WHAT YOU NEED TO DO -> Wherever the word "lambda" appears in the entries, copy the whole line.

(Collected data)
(* Let $D\ge 2$, $\eta=\mathrm{diag}(-1,1,\dots,1)$, and let $g_{\mu\nu}$, $f_{\mu\nu}$ be real symmetric invertible $D\times D$ matrices of Lorentzian signature $(-,+,\dots,+)$, with inverses $g^{\mu\nu}$, $f^{\mu\nu}$. Then there exist real matrices $e_A{}^\mu$ and $L^B{}_\nu$ with $\eta^{AB}e_A{}^\mu e_B{}^\nu=g^{\mu\nu}$ and $\eta_{AB}L^A{}_\mu L^B{}_\nu=f_{\mu\nu}$ such that $e_A{}^\mu L_{B\mu}=e_B{}^\mu L_{A\mu}$ for all $A,B$, if and only if there exists a real matrix $\gamma$ such that (i) $\gamma^\mu{}_\rho\gamma^\rho{}_\nu=g^{\mu\rho}f_{\rho\nu}$ (i.e. $\gamma^2=g^{-1}f$), and (ii) the matrix $f\gamma$ is symmetric.
   Context: Greek indices are space-time indices and capital Latin indices are Lorentz indices, lowered and raised with $\eta_{AB}$ and $\eta^{AB}$ (so $L_{B\mu}=\eta_{BC}L^C{}_\mu$); repeated indices are summed. *)

theory Defs
  imports "HOL-Analysis.Analysis"
begin

definition minkowski :: "'n \<Rightarrow> real^'n^'n" where
  "minkowski t0 = (\<chi> i j. if i = j then (if i = t0 then -1 else 1) else 0)"

definition symmetric_mat :: "real^'n^'n \<Rightarrow> bool" where
  "symmetric_mat M \<longleftrightarrow> transpose M = M"

text \<open>Lorentzian signature (-,+,...,+): real symmetric invertible matrix congruent
  (Sylvester's law of inertia) to diag(-1,1,...,1).\<close>
definition lorentzian :: "'n \<Rightarrow> real^'n^'n \<Rightarrow> bool" where
  "lorentzian t0 M \<longleftrightarrow> symmetric_mat M \<and> invertible M \<and>
     (\<exists>P::real^'n^'n. invertible P \<and> transpose P ** M ** P = minkowski t0)"

end

theory Submission
  imports Defs
begin

text \<open>Given a symmetric frame pair, \<open>\<gamma> = e\<^sup>T L\<close> works: the symmetry condition says
  \<open>\<eta> L e\<^sup>T = e L\<^sup>T \<eta>\<close>, which lets \<open>L e\<^sup>T\<close> in \<open>\<gamma>\<^sup>2 = e\<^sup>T (L e\<^sup>T) L\<close> be replaced by
  \<open>\<eta> e L\<^sup>T \<eta>\<close>, and exhibits \<open>f \<gamma> = L\<^sup>T (\<eta> L e\<^sup>T) L\<close> as a congruent image of a symmetric matrix.
  Conversely, for \<open>f = Q\<^sup>T \<eta> Q\<close> take \<open>L = Q\<close> and \<open>e = (\<gamma> Q\<^sup>-\<^sup>1)\<^sup>T\<close>: then
  \<open>e\<^sup>T \<eta> e = \<gamma> f\<^sup>-\<^sup>1 \<gamma>\<^sup>T\<close>, and symmetry of \<open>f \<gamma>\<close> means \<open>\<gamma> f\<^sup>-\<^sup>1 = f\<^sup>-\<^sup>1 \<gamma>\<^sup>T\<close>, so this is
  \<open>\<gamma>\<^sup>2 f\<^sup>-\<^sup>1 = g\<^sup>-\<^sup>1\<close>.\<close>

lemma minkowski_mult_self: "minkowski t0 ** minkowski t0 = (mat 1 :: real^'n^'n)"
proof -
  define s :: "'n \<Rightarrow> real" where "s i = (if i = t0 then -1 else 1)" for i
  have eta: "minkowski t0 = (\<chi> i j. if i = j then s i else 0)"
    unfolding minkowski_def s_def by simp
  have "(\<Sum>k\<in>UNIV. (if i = k then s i else 0) * (if k = j then s k else 0))
      = (if i = j then 1 else 0)" for i j
  proof -
    have "(\<lambda>k. (if i = k then s i else 0) * (if k = j then s k else 0))
        = (\<lambda>k. if i = k then s i * (if k = j then s k else 0) else 0)"
      by auto
    moreover have "s i * s i = 1" by (simp add: s_def)
    ultimately show ?thesis by (simp only: sum.delta finite UNIV_I if_True) auto
  qed
  then show ?thesis unfolding eta matrix_matrix_mult_def mat_def by (simp add: vec_eq_iff)
qed

lemma transpose_minkowski: "transpose (minkowski t0) = (minkowski t0 :: real^'n^'n)"
  unfolding minkowski_def transpose_def by (simp add: vec_eq_iff)

lemma symmetric_mat_congruence:
  fixes M P :: "real^'n^'n"
  assumes "symmetric_mat M"
  shows "symmetric_mat (transpose P ** M ** P)"
  using assms unfolding symmetric_mat_def by (simp add: matrix_transpose_mul matrix_mul_assoc)

lemma symmetric_mat_transpose_iff:
  fixes M :: "real^'n^'n"
  shows "symmetric_mat (transpose M) \<longleftrightarrow> symmetric_mat M"
  unfolding symmetric_mat_def by (metis transpose_transpose)

lemma lorentzian_congruent_minkowski:
  assumes "lorentzian t0 f"
  obtains Q :: "real^'n^'n" where "invertible Q" and "f = transpose Q ** minkowski t0 ** Q"
proof -
  obtain P :: "real^'n^'n" where "invertible P" and PfP: "transpose P ** f ** P = minkowski t0"
    using assms unfolding lorentzian_def by blast
  then obtain Q where PQ: "P ** Q = mat 1" and QP: "Q ** P = mat 1"
    unfolding invertible_def by blast
  have "transpose Q ** minkowski t0 ** Q = (transpose Q ** transpose P) ** f ** (P ** Q)"
    unfolding PfP[symmetric] by (simp add: matrix_mul_assoc)
  also have "\<dots> = f"
    using PQ QP by (metis matrix_transpose_mul transpose_mat matrix_mul_lid matrix_mul_rid)
  finally show thesis
    using QP PQ by (intro that[of Q]) (auto simp: invertible_def)
qed

lemma symmetric_frames_square_root:
  fixes e L H :: "real^'n^'n"
  assumes H_sym: "transpose H = H" and H_inv: "H ** H = mat 1"
    and frames_sym: "symmetric_mat (e ** transpose (H ** L))"
  defines "\<gamma> \<equiv> transpose e ** L"
  shows "\<gamma> ** \<gamma> = (transpose e ** H ** e) ** (transpose L ** H ** L)"
    and "symmetric_mat ((transpose L ** H ** L) ** \<gamma>)"
proof -
  have swap: "H ** L ** transpose e = e ** transpose L ** H"
    using frames_sym unfolding symmetric_mat_def
    by (simp add: matrix_transpose_mul H_sym matrix_mul_assoc)
  have "L ** transpose e = H ** (H ** L ** transpose e)"
    by (simp add: matrix_mul_assoc H_inv)
  also have "\<dots> = H ** e ** transpose L ** H"
    unfolding swap by (simp add: matrix_mul_assoc)
  finally have L_e: "L ** transpose e = H ** e ** transpose L ** H" .
  have "\<gamma> ** \<gamma> = transpose e ** (L ** transpose e) ** L"
    unfolding \<gamma>_def by (simp add: matrix_mul_assoc)
  then show "\<gamma> ** \<gamma> = (transpose e ** H ** e) ** (transpose L ** H ** L)"
    unfolding L_e by (simp add: matrix_mul_assoc)
  have "(transpose L ** H ** L) ** \<gamma>
      = transpose L ** transpose (e ** transpose (H ** L)) ** L"
    unfolding \<gamma>_def by (simp add: matrix_transpose_mul H_sym matrix_mul_assoc)
  then show "symmetric_mat ((transpose L ** H ** L) ** \<gamma>)"
    using frames_sym by (simp add: symmetric_mat_congruence symmetric_mat_transpose_iff)
qed

lemma square_root_symmetric_frames:
  fixes L H G \<gamma> :: "real^'n^'n"
  assumes H_sym: "transpose H = H" and H_inv: "H ** H = mat 1" and "invertible L"
    and root: "\<gamma> ** \<gamma> = G ** (transpose L ** H ** L)"
    and root_sym: "symmetric_mat ((transpose L ** H ** L) ** \<gamma>)"
  shows "\<exists>e. transpose e ** H ** e = G \<and> symmetric_mat (e ** transpose (H ** L))"
proof -
  define F where "F = transpose L ** H ** L"
  obtain P where LP: "L ** P = mat 1" and PL: "P ** L = mat 1"
    using \<open>invertible L\<close> unfolding invertible_def by blast
  define K where "K = P ** H ** transpose P"
  have PLt: "transpose P ** transpose L = mat 1" and LPt: "transpose L ** transpose P = mat 1"
    using LP PL by (metis matrix_transpose_mul transpose_mat)+
  have FK: "F ** K = mat 1"
  proof -
    have "F ** K = transpose L ** (H ** (L ** P) ** H) ** transpose P"
      unfolding F_def K_def by (simp add: matrix_mul_assoc)
    then show ?thesis using LP LPt H_inv by simp
  qed
  then have KF: "K ** F = mat 1" using matrix_left_right_inverse by blast
  have F_sym: "transpose F = F"
    unfolding F_def by (simp add: matrix_transpose_mul H_sym matrix_mul_assoc)
  have F_\<gamma>: "transpose \<gamma> ** F = F ** \<gamma>"
    using root_sym F_sym unfolding symmetric_mat_def F_def[symmetric]
    by (simp add: matrix_transpose_mul)
  have \<gamma>_K: "\<gamma> ** K = K ** transpose \<gamma>"
  proof -
    have "\<gamma> ** K = K ** (F ** \<gamma>) ** K" using KF by (simp add: matrix_mul_assoc)
    also have "\<dots> = (K ** transpose \<gamma>) ** (F ** K)" unfolding F_\<gamma>[symmetric]
      by (simp add: matrix_mul_assoc)
    finally show ?thesis using FK by simp
  qed
  define e where "e = transpose (\<gamma> ** P)"
  have "transpose e ** H ** e = \<gamma> ** (K ** transpose \<gamma>)"
    unfolding e_def K_def by (simp add: matrix_transpose_mul matrix_mul_assoc)
  also have "\<dots> = (\<gamma> ** \<gamma>) ** K" unfolding \<gamma>_K[symmetric] by (simp add: matrix_mul_assoc)
  also have "\<dots> = G ** (F ** K)" unfolding root F_def by (simp add: matrix_mul_assoc)
  also have "\<dots> = G" using FK by simp
  finally have metric: "transpose e ** H ** e = G" .
  have LtH: "transpose L ** H = F ** P"
    unfolding F_def using LP by (metis matrix_mul_assoc matrix_mul_rid)
  have "e ** transpose (H ** L) = transpose P ** (F ** \<gamma>) ** P"
    unfolding e_def F_\<gamma>[symmetric] by (simp add: matrix_transpose_mul H_sym LtH matrix_mul_assoc)
  then have "symmetric_mat (e ** transpose (H ** L))"
    using root_sym unfolding F_def by (simp add: symmetric_mat_congruence)
  with metric show ?thesis by blast
qed

theorem proposition3:
  fixes t0 :: "'n::finite" and g f :: "real^'n^'n"
  assumes "CARD('n) \<ge> 2"
    and "lorentzian t0 g" and "lorentzian t0 f"
  shows "(\<exists>e L :: real^'n^'n.
            transpose e ** minkowski t0 ** e = matrix_inv g \<and>
            transpose L ** minkowski t0 ** L = f \<and>
            symmetric_mat (e ** transpose (minkowski t0 ** L)))
         \<longleftrightarrow>
         (\<exists>\<gamma> :: real^'n^'n. \<gamma> ** \<gamma> = matrix_inv g ** f \<and> symmetric_mat (f ** \<gamma>))"
    (is "?frames \<longleftrightarrow> ?root")
proof
  assume ?frames
  then obtain e L :: "real^'n^'n" where "transpose e ** minkowski t0 ** e = matrix_inv g"
    and "transpose L ** minkowski t0 ** L = f"
    and "symmetric_mat (e ** transpose (minkowski t0 ** L))"
    by blast
  then show ?root
    using symmetric_frames_square_root[OF transpose_minkowski minkowski_mult_self] by metis
next
  assume ?root
  then obtain \<gamma> :: "real^'n^'n" where "\<gamma> ** \<gamma> = matrix_inv g ** f" and "symmetric_mat (f ** \<gamma>)"
    by blast
  moreover obtain L :: "real^'n^'n" where "invertible L"
    and f: "f = transpose L ** minkowski t0 ** L"
    using lorentzian_congruent_minkowski[OF \<open>lorentzian t0 f\<close>] by blast
  ultimately show ?frames
    using square_root_symmetric_frames[OF transpose_minkowski minkowski_mult_self] by metis
qed

end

EXERCISE RESULT ->
    have "(\<lambda>k. (if i = k then s i else 0) * (if k = j then s k else 0))
        = (\<lambda>k. if i = k then s i * (if k = j then s k else 0) else 0)"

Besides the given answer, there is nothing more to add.